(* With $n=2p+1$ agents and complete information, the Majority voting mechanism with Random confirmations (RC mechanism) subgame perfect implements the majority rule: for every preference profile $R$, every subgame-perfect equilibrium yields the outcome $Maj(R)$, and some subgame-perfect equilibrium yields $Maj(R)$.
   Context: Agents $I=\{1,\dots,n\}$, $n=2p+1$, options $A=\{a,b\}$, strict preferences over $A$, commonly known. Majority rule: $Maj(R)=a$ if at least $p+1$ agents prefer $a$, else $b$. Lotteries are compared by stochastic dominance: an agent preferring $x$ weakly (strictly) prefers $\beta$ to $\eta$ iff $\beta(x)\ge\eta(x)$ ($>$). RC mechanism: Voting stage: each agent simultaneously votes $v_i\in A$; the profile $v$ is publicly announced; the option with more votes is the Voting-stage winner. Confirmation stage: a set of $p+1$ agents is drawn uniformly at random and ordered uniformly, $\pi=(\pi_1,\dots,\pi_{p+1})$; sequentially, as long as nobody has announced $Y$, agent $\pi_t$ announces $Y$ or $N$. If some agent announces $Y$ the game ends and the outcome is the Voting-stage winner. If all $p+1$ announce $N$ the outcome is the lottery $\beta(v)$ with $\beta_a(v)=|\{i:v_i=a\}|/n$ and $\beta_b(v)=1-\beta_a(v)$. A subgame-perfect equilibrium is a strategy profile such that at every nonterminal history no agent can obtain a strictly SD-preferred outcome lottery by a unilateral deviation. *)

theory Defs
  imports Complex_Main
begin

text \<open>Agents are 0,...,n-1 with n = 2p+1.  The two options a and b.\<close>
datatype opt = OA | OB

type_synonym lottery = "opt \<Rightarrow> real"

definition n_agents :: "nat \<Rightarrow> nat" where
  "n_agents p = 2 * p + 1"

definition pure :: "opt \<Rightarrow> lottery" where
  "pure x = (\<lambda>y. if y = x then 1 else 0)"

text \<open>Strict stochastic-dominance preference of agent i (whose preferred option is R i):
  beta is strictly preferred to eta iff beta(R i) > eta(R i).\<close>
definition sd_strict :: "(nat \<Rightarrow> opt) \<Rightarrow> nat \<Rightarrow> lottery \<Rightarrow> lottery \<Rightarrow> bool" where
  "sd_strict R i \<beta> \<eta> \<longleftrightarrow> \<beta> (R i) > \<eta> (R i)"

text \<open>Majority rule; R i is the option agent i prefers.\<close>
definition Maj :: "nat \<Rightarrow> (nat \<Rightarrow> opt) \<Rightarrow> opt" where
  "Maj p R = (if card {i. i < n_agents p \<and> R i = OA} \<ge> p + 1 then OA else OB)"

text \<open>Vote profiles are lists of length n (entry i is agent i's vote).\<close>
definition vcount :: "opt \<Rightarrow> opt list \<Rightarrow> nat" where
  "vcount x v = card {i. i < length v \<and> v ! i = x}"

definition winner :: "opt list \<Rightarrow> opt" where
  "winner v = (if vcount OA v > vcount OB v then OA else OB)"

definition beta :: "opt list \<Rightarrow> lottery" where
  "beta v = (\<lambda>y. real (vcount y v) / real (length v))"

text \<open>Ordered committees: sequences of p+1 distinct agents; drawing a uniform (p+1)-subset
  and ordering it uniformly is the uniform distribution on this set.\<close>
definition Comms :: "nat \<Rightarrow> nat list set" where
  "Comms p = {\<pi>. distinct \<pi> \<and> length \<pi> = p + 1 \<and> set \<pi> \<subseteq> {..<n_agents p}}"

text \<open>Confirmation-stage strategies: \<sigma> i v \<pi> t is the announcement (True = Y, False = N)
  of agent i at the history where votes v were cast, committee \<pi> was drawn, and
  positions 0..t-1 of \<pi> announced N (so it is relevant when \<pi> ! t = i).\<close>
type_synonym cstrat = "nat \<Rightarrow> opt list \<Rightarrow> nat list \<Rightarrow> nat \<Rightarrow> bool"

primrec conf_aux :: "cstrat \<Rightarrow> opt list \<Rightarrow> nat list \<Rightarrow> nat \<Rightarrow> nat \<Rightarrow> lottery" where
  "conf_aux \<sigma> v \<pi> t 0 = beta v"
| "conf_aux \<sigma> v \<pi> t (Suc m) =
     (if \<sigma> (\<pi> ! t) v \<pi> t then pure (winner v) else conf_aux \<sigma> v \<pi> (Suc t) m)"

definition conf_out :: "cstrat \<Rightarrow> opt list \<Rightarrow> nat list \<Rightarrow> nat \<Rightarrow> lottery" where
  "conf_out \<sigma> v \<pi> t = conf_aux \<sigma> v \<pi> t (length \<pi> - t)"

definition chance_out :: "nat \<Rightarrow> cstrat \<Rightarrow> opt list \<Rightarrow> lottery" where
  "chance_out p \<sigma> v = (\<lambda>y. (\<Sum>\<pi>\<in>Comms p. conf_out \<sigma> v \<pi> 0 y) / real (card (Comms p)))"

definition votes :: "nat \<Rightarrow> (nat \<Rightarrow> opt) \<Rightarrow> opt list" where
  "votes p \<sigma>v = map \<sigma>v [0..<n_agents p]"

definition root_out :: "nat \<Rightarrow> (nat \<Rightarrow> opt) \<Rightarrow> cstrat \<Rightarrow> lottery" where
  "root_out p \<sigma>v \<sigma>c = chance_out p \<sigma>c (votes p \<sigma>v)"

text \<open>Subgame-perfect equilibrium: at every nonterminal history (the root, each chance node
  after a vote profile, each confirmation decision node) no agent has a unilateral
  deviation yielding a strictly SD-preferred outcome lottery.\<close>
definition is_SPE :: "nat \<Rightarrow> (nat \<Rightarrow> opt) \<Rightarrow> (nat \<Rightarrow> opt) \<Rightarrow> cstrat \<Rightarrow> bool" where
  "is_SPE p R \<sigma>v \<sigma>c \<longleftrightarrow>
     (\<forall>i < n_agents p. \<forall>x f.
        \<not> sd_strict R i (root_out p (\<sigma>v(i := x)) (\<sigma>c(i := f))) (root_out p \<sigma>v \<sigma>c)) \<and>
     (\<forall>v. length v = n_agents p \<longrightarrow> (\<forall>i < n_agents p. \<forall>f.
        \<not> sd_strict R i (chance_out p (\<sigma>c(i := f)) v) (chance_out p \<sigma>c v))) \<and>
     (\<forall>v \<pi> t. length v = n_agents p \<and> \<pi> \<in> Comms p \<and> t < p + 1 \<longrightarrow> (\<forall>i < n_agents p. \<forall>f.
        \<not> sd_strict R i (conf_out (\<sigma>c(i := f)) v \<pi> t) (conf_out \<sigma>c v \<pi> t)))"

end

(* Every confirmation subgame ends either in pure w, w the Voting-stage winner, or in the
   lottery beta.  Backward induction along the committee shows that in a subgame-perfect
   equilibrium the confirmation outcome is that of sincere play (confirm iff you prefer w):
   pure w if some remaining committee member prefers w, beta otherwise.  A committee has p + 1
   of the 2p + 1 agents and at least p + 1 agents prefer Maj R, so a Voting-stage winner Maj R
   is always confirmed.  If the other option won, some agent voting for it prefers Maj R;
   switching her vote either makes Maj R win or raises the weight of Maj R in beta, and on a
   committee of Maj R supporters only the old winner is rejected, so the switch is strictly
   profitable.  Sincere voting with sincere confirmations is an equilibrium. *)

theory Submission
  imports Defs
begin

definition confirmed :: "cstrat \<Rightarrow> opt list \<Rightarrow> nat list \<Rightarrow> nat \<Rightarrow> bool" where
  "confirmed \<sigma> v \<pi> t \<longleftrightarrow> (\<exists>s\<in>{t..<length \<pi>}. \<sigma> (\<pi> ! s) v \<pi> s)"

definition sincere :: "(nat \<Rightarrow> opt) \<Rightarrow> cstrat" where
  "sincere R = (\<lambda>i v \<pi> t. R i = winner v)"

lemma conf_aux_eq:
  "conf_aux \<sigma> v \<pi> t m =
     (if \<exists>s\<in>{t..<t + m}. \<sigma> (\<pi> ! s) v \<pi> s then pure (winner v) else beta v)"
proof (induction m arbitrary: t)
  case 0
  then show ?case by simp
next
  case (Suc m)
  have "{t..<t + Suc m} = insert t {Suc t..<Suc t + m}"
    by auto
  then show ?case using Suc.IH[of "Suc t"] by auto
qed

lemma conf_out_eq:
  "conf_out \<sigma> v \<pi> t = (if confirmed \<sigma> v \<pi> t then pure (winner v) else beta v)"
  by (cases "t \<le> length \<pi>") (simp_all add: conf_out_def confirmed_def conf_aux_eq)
+--
■ TASK GOAL: Out of the data above, set down the lines from the one with "R i \<beta>" to the one with "v \<pi> t (Suc", both included, exactly as written and with no additions.

■ EXERCISE OUTPUT:
  "sd_strict R i \<beta> \<eta> \<longleftrightarrow> \<beta> (R i) > \<eta> (R i)"

text \<open>Majority rule; R i is the option agent i prefers.\<close>
definition Maj :: "nat \<Rightarrow> (nat \<Rightarrow> opt) \<Rightarrow> opt" where
  "Maj p R = (if card {i. i < n_agents p \<and> R i = OA} \<ge> p + 1 then OA else OB)"

text \<open>Vote profiles are lists of length n (entry i is agent i's vote).\<close>
definition vcount :: "opt \<Rightarrow> opt list \<Rightarrow> nat" where
  "vcount x v = card {i. i < length v \<and> v ! i = x}"

definition winner :: "opt list \<Rightarrow> opt" where
  "winner v = (if vcount OA v > vcount OB v then OA else OB)"

definition beta :: "opt list \<Rightarrow> lottery" where
  "beta v = (\<lambda>y. real (vcount y v) / real (length v))"

text \<open>Ordered committees: sequences of p+1 distinct agents; drawing a uniform (p+1)-subset
  and ordering it uniformly is the uniform distribution on this set.\<close>
definition Comms :: "nat \<Rightarrow> nat list set" where
  "Comms p = {\<pi>. distinct \<pi> \<and> length \<pi> = p + 1 \<and> set \<pi> \<subseteq> {..<n_agents p}}"

text \<open>Confirmation-stage strategies: \<sigma> i v \<pi> t is the announcement (True = Y, False = N)
  of agent i at the history where votes v were cast, committee \<pi> was drawn, and
  positions 0..t-1 of \<pi> announced N (so it is relevant when \<pi> ! t = i).\<close>
type_synonym cstrat = "nat \<Rightarrow> opt list \<Rightarrow> nat list \<Rightarrow> nat \<Rightarrow> bool"

primrec conf_aux :: "cstrat \<Rightarrow> opt list \<Rightarrow> nat list \<Rightarrow> nat \<Rightarrow> nat \<Rightarrow> lottery" where
  "conf_aux \<sigma> v \<pi> t 0 = beta v"
| "conf_aux \<sigma> v \<pi> t (Suc m) =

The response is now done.